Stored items
= Beginning of Section =

text \<open>To approximate a convex combination of two approximable points, replace them one at a
  time by their approximants from \<open>U\<close> and then use self-segment-density on the segment
  between these approximants; four steps of size \<open>s/4\<close>.\<close>
lemma convex_convex_near_approximable:
  fixes K U :: "'a::{real_vector,t2_space} set"
  assumes lc: "lctvs TYPE('a)" and K: "convex K" and ssd: "self_segment_dense U K"
  shows "convex {x \<in> K. convex_near_approximable K U x}"
  unfolding convex_alt
proof (intro ballI allI impI)
  fix x1 x2 and t :: real
  assume x1: "x1 \<in> {x \<in> K. convex_near_approximable K U x}"
    and x2: "x2 \<in> {x \<in> K. convex_near_approximable K U x}" and t: "0 \<le> t \<and> t \<le> 1"
  have UK: "U \<subseteq> K" using ssd by (simp add: self_segment_dense_def)
  have x1K: "x1 \<in> K" and x2K: "x2 \<in> K" using x1 x2 by auto
  let ?z = "(1 - t) *\<^sub>R x1 + t *\<^sub>R x2"
  have zK: "?z \<in> K" using K x1K x2K t by (simp add: convex_alt)
  have "convex_near_approximable K U ?z" unfolding convex_near_approximable_def
  proof (intro allI impI)
    fix s :: real assume "s > 0"
    then have s4: "s/4 > 0" by simp
    obtain w1 where w1: "w1 \<in> U" "convex_near K (s/4) x1 w1" "convex_near K (s/4) w1 x1"
      using x1 s4 unfolding convex_near_approximable_def by blast
    obtain w2 where w2: "w2 \<in> U" "convex_near K (s/4) x2 w2" "convex_near K (s/4) w2 x2"
      using x2 s4 unfolding convex_near_approximable_def by blast
    have w2K: "w2 \<in> K" using w2 UK by auto
    let ?z1 = "(1 - t) *\<^sub>R x1 + t *\<^sub>R w2"
    let ?z2 = "(1 - t) *\<^sub>R w1 + t *\<^sub>R w2"
    have a1: "convex_near K (s/4) ?z ?z1" "convex_near K (s/4) ?z1 ?z"
      using convex_near_combination[OF K x1K _ _ w2(2)]
        convex_near_combination[OF K x1K _ _ w2(3)] t by auto
    have swap: "(1 - t) *\<^sub>R y + t *\<^sub>R w2 = (1 - (1 - t)) *\<^sub>R w2 + (1 - t) *\<^sub>R y" for y
      by simp
    have a2: "convex_near K (s/4) ?z1 ?z2" "convex_near K (s/4) ?z2 ?z1"
      unfolding swap[of x1] swap[of w1]
      by (rule convex_near_combination[OF K w2K _ _ w1(2)]; use t in simp)
         (rule convex_near_combination[OF K w2K _ _ w1(3)]; use t in simp)
    have "?z2 \<in> closed_segment w1 w2" unfolding closed_segment_def using t by blast
    then obtain u where u: "u \<in> U" "convex_near K (s/4) ?z2 u" "convex_near K (s/4) u ?z2"
      using self_segment_dense_convex_near[OF lc ssd w1(1) w2(1) _ s4] by metis
    have z1K: "?z1 \<in> K" using convex_near_mem[OF K zK a1(1)] .
    have uK: "u \<in> K" using u UK by auto
    have "convex_near K (s/4 + s/4 + s/4) ?z u"
      by (rule convex_near_trans[OF K zK convex_near_trans[OF K zK a1(1) a2(1)] u(2)])
    moreover have "convex_near K (s/4 + s/4 + s/4) u ?z"
      by (rule convex_near_trans[OF K uK convex_near_trans[OF K uK u(3) a2(2)] a1(2)])
    ultimately show "\<exists>u\<in>U. convex_near K s ?z u \<and> convex_near K s u ?z"
      using u(1) \<open>s > 0\<close> convex_near_mono[of K "s/4 + s/4 + s/4" _ _ s] by auto
  qed
  then show "?z \<in> {x \<in> K. convex_near_approximable K U x}" using zK by blast
qed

= End of Section =

= WORK REQUIRED =
Pull out all lines from the entries above in which the word "swap" appears.

= RESULT =
    have swap: "(1 - t) *\<^sub>R y + t *\<^sub>R w2 = (1 - (1 - t)) *\<^sub>R w2 + (1 - t) *\<^sub>R y" for y
      unfolding swap[of x1] swap[of w1]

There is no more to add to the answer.